### Your instructions:
In the data that follows, every line containing the word "close" should be returned.

### Records for the task:
(* Let $T=\{t_1,\ldots,t_N\}$ be documents, each containing at most $L$ distinct words from a dictionary $\{w_1,\ldots,w_D\}$, and let $\#(w)$ denote the number of documents containing word $w$. Let $h_1,\ldots,h_k$ be hash functions such that the values $h_j(t)$, over all $j$ and all documents $t$, are independent and uniformly distributed on $[0,1]$. For a word $w$ and hash function $h$, let $g(w)=\min_{t\,:\,w\in t}h(t)$ (the MinHash of $w$ under $h$). Consider the mapper MinHashSampleMap which, for each document $t$, each word $w$ in $t$, and each $j=1,\ldots,k$, emits $((w,j)\to h_j(t))$ if and only if $h_j(t)\le\frac{c\log(Dk)}{\#(w)}$, with $c=3$. Then with probability at least $1-\frac{1}{(Dk)^2}$, for all words $w$ and all hash functions $h\in\{h_1,\ldots,h_k\}$, MinHashSampleMap emits the hash value of the document that realizes $g(w)$.
   Context: $\log$ denotes the natural logarithm. *)

theory Defs
  imports "HOL-Probability.Probability"
begin

text \<open>Documents are indexed by i < N, T i is the set of words of document i;
words are w < D; hash functions are indexed by j < k; h j i is the value h_j(t_i).\<close>

definition doc_count :: "(nat \<Rightarrow> nat set) \<Rightarrow> nat \<Rightarrow> nat \<Rightarrow> nat" where
  "doc_count T N w = card {i. i < N \<and> w \<in> T i}"

definition minhash :: "(nat \<Rightarrow> nat set) \<Rightarrow> nat \<Rightarrow> (nat \<Rightarrow> nat \<Rightarrow> real) \<Rightarrow> nat \<Rightarrow> nat \<Rightarrow> real" where
  "minhash T N h j w = Min {h j i | i. i < N \<and> w \<in> T i}"

definition minhash_sample_map ::
  "real \<Rightarrow> nat \<Rightarrow> nat \<Rightarrow> (nat \<Rightarrow> nat set) \<Rightarrow> nat \<Rightarrow> (nat \<Rightarrow> nat \<Rightarrow> real) \<Rightarrow> ((nat \<times> nat) \<times> real) set" where
  "minhash_sample_map c D k T N h =
     {((w, j), h j i) | w j i. i < N \<and> w \<in> T i \<and> j < k \<and>
        h j i \<le> c * ln (real D * real k) / real (doc_count T N w)}"

end

theory Submission imports Defs begin

text \<open>The MinHash of w under h_j is emitted as soon as some document containing w has
  its j-th hash below the threshold, since the minimum is then below it as well. So it is
  missed only if all #(w) independent uniform hashes of these documents exceed
  \<open>\<tau> = c log(Dk) / #(w)\<close>, which has probability at most \<open>exp (-\<tau>)^#(w) = (Dk)^-c\<close>.
  A union bound over the at most Dk pairs (w, j) finishes the proof for c = 3.\<close>

lemma minhash_in_sample_map_iff:
  assumes "doc_count T N w > 0" "j < k"
  shows "((w, j), minhash T N h j w) \<in> minhash_sample_map c D k T N h \<longleftrightarrow>
    (\<exists>i<N. w \<in> T i \<and> h j i \<le> c * ln (real D * real k) / real (doc_count T N w))"
    (is "_ \<longleftrightarrow> (\<exists>i<N. w \<in> T i \<and> h j i \<le> ?\<tau>)")
proof
  assume "((w, j), minhash T N h j w) \<in> minhash_sample_map c D k T N h"
  then show "\<exists>i<N. w \<in> T i \<and> h j i \<le> ?\<tau>"
    unfolding minhash_sample_map_def by auto
next
  let ?A = "{h j i | i. i < N \<and> w \<in> T i}"
  assume "\<exists>i<N. w \<in> T i \<and> h j i \<le> ?\<tau>"
  then obtain i where i: "i < N" "w \<in> T i" "h j i \<le> ?\<tau>" by blast
  have "?A \<noteq> {}"
    using assms(1) unfolding doc_count_def by (metis (mono_tags, lifting) card.empty empty_Collect_eq less_irrefl)
  then have "Min ?A \<in> ?A" by (intro Min_in) simp_all
  then obtain i0 where i0: "i0 < N" "w \<in> T i0" "minhash T N h j w = h j i0"
    unfolding minhash_def by auto
  have "minhash T N h j w \<le> h j i"
    unfolding minhash_def using i by (intro Min_le) auto
  with i i0 assms(2) show "((w, j), minhash T N h j w) \<in> minhash_sample_map c D k T N h"
    unfolding minhash_sample_map_def by force
qed

lemma uniform_tail_le_exp:
  fixes \<tau> :: real
  shows "measure (uniform_measure lborel {0..1}) {\<tau><..} \<le> exp (- \<tau>)"
proof (cases "\<tau> < 0")
  case True
  then have "{0..1::real} \<inter> {\<tau><..} = {0..1}" by auto
  then show ?thesis using True by simp
next
  case nonneg: False
  show ?thesis
  proof (cases "\<tau> < 1")
    case True
    then have "{0..1::real} \<inter> {\<tau><..} = {\<tau><..1}" using nonneg by auto
    then show ?thesis using True exp_ge_add_one_self[of "- \<tau>"] by simp
  next
    case False
    then have "{0..1::real} \<inter> {\<tau><..} = {}" by auto
    then show ?thesis by simp
  qed
qed

lemma (in prob_space) prob_indep_uniform_all_greater_le_exp:
  fixes Y :: "'i \<Rightarrow> 'a \<Rightarrow> real"
  assumes indep: "indep_vars (\<lambda>_. borel) Y I"
    and unif: "\<forall>i\<in>I. distr M borel (Y i) = uniform_measure lborel {0..1}"
    and S: "S \<subseteq> I" "finite S" "S \<noteq> {}"
  shows "prob (\<Inter>i\<in>S. Y i -` {\<tau><..} \<inter> space M) \<le> exp (- \<tau> * real (card S))"
proof -
  have meas: "Y i \<in> borel_measurable M" if "i \<in> I" for i
    using indep that unfolding indep_vars_def2 by fastforce
  have tail: "prob (Y i -` {\<tau><..} \<inter> space M) \<le> exp (- \<tau>)" if "i \<in> I" for i
  proof -
    have "prob (Y i -` {\<tau><..} \<inter> space M) = measure (distr M borel (Y i)) {\<tau><..}"
      using meas[OF that] by (simp add: measure_distr)
    then show ?thesis
      using uniform_tail_le_exp[of \<tau>] unif that by simp
  qed
  have "prob (\<Inter>i\<in>S. Y i -` {\<tau><..} \<inter> space M) = (\<Prod>i\<in>S. prob (Y i -` {\<tau><..} \<inter> space M))"
    using indep S unfolding indep_vars_def2
    by (intro indep_setsD[where I = I]) (auto intro!: exI[of _ "{\<tau><..}"])
  also have "\<dots> \<le> (\<Prod>i\<in>S. exp (- \<tau>))"
    using S tail by (intro prod_mono) auto
  also have "\<dots> = exp (- \<tau> * real (card S))"
    by (simp add: exp_of_nat_mult[symmetric] mult.commute)
  finally show ?thesis .
qed

lemma (in prob_space) prob_minhash_missed:
  fixes X :: "nat \<Rightarrow> nat \<Rightarrow> 'a \<Rightarrow> real" and c :: real and D :: nat
  assumes indep: "indep_vars (\<lambda>_. borel) (\<lambda>(j, i). X j i) ({..<k} \<times> {..<N})"
    and unif: "\<forall>j<k. \<forall>i<N. distr M borel (X j i) = uniform_measure lborel {0..1}"
    and w: "doc_count T N w > 0" and j: "j < k"
  defines "missed \<equiv> {x \<in> space M. ((w, j), minhash T N (\<lambda>j i. X j i x) j w)
                          \<notin> minhash_sample_map c D k T N (\<lambda>j i. X j i x)}"
  shows "missed \<in> events" and "prob missed \<le> exp (- c * ln (real D * real k))"
proof -
  define S where "S = {j} \<times> {i. i < N \<and> w \<in> T i}"
  define \<tau> where "\<tau> = c * ln (real D * real k) / real (doc_count T N w)"
  have card_S: "card S = doc_count T N w"
    unfolding S_def doc_count_def by (simp add: card_cartesian_product)
  have "{i. i < N \<and> w \<in> T i} \<noteq> {}"
    using w unfolding doc_count_def by (metis card.empty less_irrefl)
  then have S: "S \<subseteq> {..<k} \<times> {..<N}" "finite S" "S \<noteq> {}"
    using j unfolding S_def by auto
  have missed_eq: "missed = (\<Inter>p\<in>S. (\<lambda>(j, i). X j i) p -` {\<tau><..} \<inter> space M)"
    using S(3) unfolding missed_def \<tau>_def minhash_in_sample_map_iff[OF w j]
    by (auto simp: S_def not_le)
  have "(\<lambda>(j, i). X j i) p \<in> borel_measurable M" if "p \<in> S" for p
    using indep S(1) that unfolding indep_vars_def2 by blast
  then show "missed \<in> events"
    unfolding missed_eq using S(2,3) by (intro sets.finite_INT) (auto simp: measurable_sets)
  have "prob missed \<le> exp (- \<tau> * real (card S))"
    unfolding missed_eq using S unif
    by (intro prob_indep_uniform_all_greater_le_exp[OF indep]) auto
  also have "- \<tau> * real (card S) = - c * ln (real D * real k)"
    using w unfolding \<tau>_def card_S by simp
  finally show "prob missed \<le> exp (- c * ln (real D * real k))" .
qed

lemma (in prob_space) prob_finite_UN_le_card_mult:
  assumes "finite P" "\<And>p. p \<in> P \<Longrightarrow> A p \<in> events" "\<And>p. p \<in> P \<Longrightarrow> prob (A p) \<le> b"
  shows "prob (\<Union>p\<in>P. A p) \<le> real (card P) * b"
proof -
  have "prob (\<Union>p\<in>P. A p) \<le> (\<Sum>p\<in>P. prob (A p))"
    using assms by (intro finite_measure_subadditive_finite) auto
  also have "\<dots> \<le> (\<Sum>p\<in>P. b)"
    using assms by (intro sum_mono) auto
  finally show ?thesis by simp
qed

lemma mult_exp_neg_three_ln:
  fixes x :: real
  assumes "0 < x"
  shows "x * exp (- 3 * ln x) = 1 / x ^ 2"
proof -
  have "exp (- 3 * ln x) = 1 / x ^ 3"
    using assms by (simp add: exp_minus exp_of_nat_mult[of 3, simplified] divide_inverse)
  then show ?thesis using assms by (simp add: power3_eq_cube power2_eq_square)
qed

theorem theorem5:
  fixes M :: "'a measure" and X :: "nat \<Rightarrow> nat \<Rightarrow> 'a \<Rightarrow> real"
    and T :: "nat \<Rightarrow> nat set" and N D L k :: nat
  assumes "prob_space M"
    and docs: "\<forall>i<N. T i \<subseteq> {..<D} \<and> card (T i) \<le> L"
    and indep: "prob_space.indep_vars M (\<lambda>_. borel) (\<lambda>(j, i). X j i) ({..<k} \<times> {..<N})"
    and unif: "\<forall>j<k. \<forall>i<N. distr M borel (X j i) = uniform_measure lborel {0..1}"
  shows "prob_space.prob M
           {x \<in> space M. \<forall>w<D. \<forall>j<k. doc_count T N w > 0 \<longrightarrow>
              ((w, j), minhash T N (\<lambda>j i. X j i x) j w)
                \<in> minhash_sample_map 3 D k T N (\<lambda>j i. X j i x)}
         \<ge> 1 - 1 / (real D * real k)^2"
    (is "prob_space.prob M ?good \<ge> _")
proof -
  interpret prob_space M by fact
  define P where "P = {p \<in> {..<D} \<times> {..<k}. doc_count T N (fst p) > 0}"
  define missed where "missed p = {x \<in> space M.
      (p, minhash T N (\<lambda>j i. X j i x) (snd p) (fst p)) \<notin> minhash_sample_map 3 D k T N (\<lambda>j i. X j i x)}" for p
  have missed: "missed p \<in> events" "prob (missed p) \<le> exp (- 3 * ln (real D * real k))" if "p \<in> P" for p
    using that prob_minhash_missed[OF indep unif] unfolding missed_def P_def by (auto simp: case_prod_beta)
  have fin_P: "finite P" unfolding P_def by simp
  have "card P \<le> D * k"
    using card_mono[of "{..<D} \<times> {..<k}" P] unfolding P_def by (auto simp: card_cartesian_product)
  then have card_P: "real (card P) \<le> real D * real k"
    by (metis of_nat_le_iff of_nat_mult)
  have "prob (\<Union>p\<in>P. missed p) \<le> real (card P) * exp (- 3 * ln (real D * real k))"
    using fin_P missed by (rule prob_finite_UN_le_card_mult)
  also have "\<dots> \<le> real D * real k * exp (- 3 * ln (real D * real k))"
    using card_P by (intro mult_right_mono) auto
  also have "\<dots> \<le> 1 / (real D * real k) ^ 2"
  proof (cases "D = 0 \<or> k = 0")
    case False
    then show ?thesis using mult_exp_neg_three_ln[of "real D * real k"] by simp
  qed auto
  finally have "prob (\<Union>p\<in>P. missed p) \<le> 1 / (real D * real k) ^ 2" .
  moreover have "?good = space M - (\<Union>p\<in>P. missed p)"
    unfolding P_def missed_def by auto
  ultimately show ?thesis
    using prob_compl[of "\<Union>p\<in>P. missed p"] fin_P missed by auto
qed

end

### Output for this exercise:
words are w < D; hash functions are indexed by j < k; h j i is the value h_j(t_i).\<close>
  \<open>\<tau> = c log(Dk) / #(w)\<close>, which has probability at most \<open>exp (-\<tau>)^#(w) = (Dk)^-c\<close>.
  A union bound over the at most Dk pairs (w, j) finishes the proof for c = 3.\<close>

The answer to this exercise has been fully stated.